TASK BRIEF:
Only the count is wanted here: how many lines of the entries hold the string "notin"?

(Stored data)
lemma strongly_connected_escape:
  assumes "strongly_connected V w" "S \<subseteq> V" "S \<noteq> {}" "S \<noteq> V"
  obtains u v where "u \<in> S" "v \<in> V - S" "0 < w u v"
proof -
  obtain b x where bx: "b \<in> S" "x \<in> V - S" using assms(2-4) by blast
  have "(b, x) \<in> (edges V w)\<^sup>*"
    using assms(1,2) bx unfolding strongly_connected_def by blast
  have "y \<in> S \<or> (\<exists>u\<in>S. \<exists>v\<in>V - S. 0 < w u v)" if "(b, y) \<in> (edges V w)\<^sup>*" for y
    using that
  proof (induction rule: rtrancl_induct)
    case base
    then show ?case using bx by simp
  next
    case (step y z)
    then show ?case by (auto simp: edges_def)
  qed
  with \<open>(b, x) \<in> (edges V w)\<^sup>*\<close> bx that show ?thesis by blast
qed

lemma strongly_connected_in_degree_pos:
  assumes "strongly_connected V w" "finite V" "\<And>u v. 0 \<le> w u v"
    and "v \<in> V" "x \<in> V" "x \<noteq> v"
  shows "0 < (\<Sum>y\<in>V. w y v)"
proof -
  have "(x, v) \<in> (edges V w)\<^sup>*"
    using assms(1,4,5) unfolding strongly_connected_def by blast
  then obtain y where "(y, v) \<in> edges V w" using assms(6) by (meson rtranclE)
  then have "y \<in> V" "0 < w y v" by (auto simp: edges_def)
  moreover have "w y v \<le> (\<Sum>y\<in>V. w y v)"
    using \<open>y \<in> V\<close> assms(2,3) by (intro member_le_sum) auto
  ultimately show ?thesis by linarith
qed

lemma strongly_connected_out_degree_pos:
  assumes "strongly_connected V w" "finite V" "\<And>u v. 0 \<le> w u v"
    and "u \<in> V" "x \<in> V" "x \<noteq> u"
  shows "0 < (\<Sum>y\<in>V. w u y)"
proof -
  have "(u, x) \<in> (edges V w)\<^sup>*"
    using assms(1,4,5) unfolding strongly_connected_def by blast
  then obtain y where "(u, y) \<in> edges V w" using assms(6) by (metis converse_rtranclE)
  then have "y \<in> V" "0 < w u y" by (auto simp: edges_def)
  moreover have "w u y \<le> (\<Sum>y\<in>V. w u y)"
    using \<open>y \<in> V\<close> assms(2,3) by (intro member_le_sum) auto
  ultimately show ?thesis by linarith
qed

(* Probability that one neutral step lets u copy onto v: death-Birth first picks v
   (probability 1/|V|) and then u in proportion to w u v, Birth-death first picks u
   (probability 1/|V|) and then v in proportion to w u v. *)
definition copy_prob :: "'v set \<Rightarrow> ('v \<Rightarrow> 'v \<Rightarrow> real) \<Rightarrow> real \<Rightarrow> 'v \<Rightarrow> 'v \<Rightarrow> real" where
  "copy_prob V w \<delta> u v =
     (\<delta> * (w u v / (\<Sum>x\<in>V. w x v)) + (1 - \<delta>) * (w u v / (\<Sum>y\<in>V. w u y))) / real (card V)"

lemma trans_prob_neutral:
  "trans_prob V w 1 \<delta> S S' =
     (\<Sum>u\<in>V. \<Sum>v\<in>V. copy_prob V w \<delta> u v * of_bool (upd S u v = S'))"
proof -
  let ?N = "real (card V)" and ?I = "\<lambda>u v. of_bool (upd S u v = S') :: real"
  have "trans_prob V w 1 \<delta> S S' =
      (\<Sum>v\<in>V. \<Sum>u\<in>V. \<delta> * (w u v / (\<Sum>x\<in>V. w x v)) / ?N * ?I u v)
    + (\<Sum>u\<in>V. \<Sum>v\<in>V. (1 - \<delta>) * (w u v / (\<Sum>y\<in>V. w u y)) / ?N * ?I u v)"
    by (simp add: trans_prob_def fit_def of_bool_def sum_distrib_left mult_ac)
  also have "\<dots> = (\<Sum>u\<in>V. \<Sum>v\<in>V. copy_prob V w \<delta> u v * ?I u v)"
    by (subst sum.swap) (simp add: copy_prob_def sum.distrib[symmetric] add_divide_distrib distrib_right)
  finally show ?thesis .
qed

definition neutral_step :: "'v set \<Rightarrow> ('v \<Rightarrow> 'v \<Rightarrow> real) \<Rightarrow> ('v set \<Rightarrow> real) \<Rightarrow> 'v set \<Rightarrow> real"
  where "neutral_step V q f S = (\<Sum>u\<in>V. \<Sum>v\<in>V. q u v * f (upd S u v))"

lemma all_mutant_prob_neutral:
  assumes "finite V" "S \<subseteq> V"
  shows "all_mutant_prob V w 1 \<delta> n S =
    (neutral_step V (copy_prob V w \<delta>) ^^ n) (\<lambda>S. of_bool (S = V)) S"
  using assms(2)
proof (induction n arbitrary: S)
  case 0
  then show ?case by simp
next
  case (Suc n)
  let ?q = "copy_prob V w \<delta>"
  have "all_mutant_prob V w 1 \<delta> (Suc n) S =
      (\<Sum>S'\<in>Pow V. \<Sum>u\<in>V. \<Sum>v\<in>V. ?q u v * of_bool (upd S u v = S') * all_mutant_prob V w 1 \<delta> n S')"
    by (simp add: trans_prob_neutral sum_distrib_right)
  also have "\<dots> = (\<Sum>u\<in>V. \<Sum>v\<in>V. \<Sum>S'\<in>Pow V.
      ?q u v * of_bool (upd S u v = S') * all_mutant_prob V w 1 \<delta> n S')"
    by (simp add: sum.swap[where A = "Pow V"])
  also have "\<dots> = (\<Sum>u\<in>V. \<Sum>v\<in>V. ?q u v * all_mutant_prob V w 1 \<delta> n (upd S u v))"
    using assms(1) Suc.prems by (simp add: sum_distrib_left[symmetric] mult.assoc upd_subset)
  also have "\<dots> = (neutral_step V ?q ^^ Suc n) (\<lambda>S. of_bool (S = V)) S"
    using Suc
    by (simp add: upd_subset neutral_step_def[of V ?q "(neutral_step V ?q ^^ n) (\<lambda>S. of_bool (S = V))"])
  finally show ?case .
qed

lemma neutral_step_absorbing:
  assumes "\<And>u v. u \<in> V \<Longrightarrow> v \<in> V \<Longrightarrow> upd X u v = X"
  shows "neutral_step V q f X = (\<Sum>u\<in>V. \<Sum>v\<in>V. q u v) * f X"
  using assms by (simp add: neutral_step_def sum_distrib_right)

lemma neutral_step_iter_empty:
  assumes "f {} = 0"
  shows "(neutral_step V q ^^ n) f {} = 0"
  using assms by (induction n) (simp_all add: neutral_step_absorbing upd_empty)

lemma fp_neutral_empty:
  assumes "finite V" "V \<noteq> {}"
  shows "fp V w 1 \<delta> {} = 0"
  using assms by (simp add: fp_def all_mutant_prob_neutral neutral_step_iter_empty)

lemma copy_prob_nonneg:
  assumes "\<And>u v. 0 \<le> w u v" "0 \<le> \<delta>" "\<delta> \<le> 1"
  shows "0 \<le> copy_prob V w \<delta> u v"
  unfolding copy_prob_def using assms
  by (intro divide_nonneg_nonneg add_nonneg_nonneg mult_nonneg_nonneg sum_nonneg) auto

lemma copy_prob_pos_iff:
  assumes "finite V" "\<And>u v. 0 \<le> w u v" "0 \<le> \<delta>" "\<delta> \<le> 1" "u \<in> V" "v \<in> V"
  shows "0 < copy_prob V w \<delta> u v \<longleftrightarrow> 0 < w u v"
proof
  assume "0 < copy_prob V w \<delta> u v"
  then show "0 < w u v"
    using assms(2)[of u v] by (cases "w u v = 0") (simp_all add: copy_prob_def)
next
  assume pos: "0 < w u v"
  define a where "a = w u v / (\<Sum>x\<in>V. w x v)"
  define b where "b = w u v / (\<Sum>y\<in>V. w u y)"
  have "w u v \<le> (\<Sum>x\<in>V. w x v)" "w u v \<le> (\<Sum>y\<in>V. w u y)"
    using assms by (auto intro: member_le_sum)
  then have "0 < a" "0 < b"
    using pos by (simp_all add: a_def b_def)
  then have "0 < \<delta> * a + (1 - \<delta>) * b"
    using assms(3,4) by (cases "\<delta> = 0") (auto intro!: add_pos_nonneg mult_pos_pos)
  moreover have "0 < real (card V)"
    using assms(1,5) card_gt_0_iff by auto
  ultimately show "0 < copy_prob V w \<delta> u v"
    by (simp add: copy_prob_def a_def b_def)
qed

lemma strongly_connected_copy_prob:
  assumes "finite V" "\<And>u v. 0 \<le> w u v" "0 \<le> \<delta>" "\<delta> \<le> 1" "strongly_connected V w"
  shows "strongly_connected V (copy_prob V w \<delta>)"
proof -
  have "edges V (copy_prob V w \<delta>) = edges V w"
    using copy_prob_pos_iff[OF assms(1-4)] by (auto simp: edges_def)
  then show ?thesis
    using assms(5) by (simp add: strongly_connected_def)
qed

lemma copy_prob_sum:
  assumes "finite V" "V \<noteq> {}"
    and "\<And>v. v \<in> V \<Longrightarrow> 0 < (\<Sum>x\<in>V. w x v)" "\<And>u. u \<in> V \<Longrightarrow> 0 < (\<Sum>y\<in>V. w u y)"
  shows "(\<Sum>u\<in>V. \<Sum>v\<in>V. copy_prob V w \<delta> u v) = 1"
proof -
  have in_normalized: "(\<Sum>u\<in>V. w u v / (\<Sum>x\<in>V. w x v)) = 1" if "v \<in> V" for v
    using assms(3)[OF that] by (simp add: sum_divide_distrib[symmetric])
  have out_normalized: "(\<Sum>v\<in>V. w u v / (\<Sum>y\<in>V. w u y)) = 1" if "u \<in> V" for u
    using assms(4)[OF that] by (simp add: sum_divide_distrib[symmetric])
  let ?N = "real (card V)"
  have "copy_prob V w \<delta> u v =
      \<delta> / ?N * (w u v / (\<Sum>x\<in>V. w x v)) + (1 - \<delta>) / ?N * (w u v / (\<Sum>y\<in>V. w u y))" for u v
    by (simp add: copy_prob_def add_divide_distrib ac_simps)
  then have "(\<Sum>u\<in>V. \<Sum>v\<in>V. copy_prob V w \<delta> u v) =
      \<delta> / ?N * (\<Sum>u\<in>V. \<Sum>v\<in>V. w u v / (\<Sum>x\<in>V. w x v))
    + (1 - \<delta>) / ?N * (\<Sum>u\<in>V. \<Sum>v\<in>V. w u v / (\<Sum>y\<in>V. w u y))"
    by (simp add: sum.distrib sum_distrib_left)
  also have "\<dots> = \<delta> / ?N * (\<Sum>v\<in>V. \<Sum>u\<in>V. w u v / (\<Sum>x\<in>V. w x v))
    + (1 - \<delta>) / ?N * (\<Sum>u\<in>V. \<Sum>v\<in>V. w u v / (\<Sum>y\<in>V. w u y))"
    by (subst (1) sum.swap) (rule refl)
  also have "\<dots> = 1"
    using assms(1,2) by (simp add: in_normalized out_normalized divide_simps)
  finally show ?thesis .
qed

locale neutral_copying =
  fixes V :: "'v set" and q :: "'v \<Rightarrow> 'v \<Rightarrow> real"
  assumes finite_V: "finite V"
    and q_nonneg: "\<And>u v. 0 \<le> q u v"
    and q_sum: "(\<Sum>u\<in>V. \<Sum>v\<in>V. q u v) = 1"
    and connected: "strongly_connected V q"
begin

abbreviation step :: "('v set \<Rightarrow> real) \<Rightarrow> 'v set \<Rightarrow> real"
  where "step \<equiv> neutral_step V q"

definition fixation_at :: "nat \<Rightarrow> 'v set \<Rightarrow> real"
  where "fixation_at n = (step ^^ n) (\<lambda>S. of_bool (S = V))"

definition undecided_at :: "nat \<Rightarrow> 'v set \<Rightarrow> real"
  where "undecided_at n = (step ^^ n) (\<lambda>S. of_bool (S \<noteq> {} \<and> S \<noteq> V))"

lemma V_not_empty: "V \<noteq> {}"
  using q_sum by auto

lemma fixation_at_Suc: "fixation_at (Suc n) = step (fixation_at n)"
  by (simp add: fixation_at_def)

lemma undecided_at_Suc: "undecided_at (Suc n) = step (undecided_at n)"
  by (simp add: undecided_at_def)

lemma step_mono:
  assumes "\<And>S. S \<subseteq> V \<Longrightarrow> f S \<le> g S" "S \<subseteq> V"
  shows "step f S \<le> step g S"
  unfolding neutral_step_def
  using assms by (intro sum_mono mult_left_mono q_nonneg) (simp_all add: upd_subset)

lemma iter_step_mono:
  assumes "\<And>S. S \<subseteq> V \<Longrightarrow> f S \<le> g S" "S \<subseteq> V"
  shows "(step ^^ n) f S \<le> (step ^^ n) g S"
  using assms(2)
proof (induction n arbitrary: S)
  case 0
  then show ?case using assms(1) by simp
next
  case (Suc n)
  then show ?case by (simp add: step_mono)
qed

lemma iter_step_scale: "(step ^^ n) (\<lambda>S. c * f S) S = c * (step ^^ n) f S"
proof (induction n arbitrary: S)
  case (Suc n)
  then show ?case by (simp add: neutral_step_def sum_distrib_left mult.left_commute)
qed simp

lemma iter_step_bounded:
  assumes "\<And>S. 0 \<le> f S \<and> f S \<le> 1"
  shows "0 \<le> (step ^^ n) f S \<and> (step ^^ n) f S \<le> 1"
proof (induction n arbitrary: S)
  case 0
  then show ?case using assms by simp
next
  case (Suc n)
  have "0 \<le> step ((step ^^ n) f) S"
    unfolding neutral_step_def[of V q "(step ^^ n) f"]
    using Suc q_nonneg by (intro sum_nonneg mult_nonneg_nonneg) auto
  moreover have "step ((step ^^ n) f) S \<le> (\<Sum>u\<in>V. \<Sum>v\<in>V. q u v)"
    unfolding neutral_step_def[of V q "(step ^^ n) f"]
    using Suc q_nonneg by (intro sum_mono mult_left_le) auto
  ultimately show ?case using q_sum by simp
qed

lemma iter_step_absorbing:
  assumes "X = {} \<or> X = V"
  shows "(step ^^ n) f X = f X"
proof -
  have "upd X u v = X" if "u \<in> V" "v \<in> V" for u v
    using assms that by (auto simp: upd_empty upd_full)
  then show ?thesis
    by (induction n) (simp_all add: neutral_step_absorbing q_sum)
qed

...

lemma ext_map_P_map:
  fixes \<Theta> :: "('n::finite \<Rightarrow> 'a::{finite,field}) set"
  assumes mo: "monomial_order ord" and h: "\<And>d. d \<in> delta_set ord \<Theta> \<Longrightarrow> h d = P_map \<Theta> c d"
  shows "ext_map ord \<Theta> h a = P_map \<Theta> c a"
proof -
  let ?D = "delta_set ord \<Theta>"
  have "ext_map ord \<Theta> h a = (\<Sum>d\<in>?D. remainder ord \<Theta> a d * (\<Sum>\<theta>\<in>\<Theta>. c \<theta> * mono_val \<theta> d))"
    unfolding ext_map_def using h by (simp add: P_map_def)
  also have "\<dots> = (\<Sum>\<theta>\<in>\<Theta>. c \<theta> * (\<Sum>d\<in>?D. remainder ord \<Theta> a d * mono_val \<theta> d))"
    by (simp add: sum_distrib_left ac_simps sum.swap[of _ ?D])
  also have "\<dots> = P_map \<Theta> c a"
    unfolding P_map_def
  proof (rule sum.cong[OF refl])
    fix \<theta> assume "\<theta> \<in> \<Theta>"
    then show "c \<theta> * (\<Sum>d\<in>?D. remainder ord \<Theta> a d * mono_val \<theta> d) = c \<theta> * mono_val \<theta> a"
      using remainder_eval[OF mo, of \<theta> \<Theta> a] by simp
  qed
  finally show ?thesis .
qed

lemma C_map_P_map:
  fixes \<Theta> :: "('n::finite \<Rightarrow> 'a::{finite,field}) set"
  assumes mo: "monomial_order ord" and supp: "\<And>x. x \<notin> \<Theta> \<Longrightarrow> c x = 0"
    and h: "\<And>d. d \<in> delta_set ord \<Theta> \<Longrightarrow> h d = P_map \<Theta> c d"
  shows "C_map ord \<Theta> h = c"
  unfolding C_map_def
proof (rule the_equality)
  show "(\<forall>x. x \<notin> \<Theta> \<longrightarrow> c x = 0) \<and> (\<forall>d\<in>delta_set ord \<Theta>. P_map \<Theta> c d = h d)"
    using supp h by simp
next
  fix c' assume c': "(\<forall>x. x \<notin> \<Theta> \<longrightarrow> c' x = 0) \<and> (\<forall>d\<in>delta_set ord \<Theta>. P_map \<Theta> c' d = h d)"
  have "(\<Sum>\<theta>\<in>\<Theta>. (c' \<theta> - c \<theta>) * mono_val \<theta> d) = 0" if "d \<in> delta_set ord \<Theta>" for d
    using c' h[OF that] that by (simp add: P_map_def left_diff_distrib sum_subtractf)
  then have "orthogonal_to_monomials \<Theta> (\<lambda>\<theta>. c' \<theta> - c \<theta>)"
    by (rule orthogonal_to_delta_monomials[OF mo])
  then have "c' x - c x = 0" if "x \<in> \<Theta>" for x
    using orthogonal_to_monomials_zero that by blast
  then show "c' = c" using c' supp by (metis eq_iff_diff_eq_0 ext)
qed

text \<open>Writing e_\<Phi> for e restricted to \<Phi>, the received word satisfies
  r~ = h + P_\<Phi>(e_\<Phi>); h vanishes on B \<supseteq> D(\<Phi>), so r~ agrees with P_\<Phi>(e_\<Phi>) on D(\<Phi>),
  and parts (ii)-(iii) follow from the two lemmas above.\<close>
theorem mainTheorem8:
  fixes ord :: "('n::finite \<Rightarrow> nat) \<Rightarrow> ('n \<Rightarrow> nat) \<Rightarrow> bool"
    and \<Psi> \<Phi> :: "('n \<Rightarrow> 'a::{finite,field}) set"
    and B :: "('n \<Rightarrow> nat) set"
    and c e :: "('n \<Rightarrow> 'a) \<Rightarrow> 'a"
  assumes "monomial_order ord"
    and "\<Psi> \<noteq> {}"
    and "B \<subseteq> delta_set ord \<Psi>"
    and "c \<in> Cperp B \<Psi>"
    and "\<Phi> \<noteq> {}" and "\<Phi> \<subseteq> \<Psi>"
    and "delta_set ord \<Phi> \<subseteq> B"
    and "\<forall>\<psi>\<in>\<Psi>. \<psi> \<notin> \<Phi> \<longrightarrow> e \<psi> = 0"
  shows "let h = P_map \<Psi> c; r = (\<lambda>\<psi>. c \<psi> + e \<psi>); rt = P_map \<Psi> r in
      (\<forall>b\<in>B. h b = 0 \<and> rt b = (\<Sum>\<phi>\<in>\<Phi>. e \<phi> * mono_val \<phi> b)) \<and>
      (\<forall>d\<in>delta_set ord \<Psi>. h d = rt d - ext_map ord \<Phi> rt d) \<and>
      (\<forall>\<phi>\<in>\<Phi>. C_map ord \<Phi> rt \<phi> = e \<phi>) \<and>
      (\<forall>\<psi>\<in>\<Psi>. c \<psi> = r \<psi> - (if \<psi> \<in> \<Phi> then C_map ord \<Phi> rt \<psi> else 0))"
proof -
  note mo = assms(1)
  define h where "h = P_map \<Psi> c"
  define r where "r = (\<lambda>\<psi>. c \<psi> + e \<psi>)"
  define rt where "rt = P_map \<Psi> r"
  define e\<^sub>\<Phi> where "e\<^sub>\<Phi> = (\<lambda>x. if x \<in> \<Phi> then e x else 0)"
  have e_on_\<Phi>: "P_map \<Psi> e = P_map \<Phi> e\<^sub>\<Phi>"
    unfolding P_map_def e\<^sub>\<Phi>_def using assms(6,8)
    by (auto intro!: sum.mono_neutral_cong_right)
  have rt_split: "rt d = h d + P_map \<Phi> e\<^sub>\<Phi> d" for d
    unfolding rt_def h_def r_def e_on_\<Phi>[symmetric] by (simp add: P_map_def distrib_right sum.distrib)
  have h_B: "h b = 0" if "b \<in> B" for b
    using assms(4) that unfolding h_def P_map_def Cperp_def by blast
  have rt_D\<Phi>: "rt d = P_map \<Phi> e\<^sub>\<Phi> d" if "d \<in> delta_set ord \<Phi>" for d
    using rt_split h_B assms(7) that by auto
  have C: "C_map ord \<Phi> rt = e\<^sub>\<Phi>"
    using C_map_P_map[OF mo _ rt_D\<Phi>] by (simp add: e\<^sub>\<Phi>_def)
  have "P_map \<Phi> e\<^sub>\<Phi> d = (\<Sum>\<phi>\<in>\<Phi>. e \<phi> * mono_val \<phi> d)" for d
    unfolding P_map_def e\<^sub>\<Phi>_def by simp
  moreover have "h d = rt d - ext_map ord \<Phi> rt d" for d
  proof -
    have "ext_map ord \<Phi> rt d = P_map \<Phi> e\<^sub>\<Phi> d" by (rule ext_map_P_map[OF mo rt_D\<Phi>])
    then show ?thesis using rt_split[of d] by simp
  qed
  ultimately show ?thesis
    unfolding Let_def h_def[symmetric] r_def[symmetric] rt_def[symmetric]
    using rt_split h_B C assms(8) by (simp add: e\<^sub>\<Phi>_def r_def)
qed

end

REPLY:
4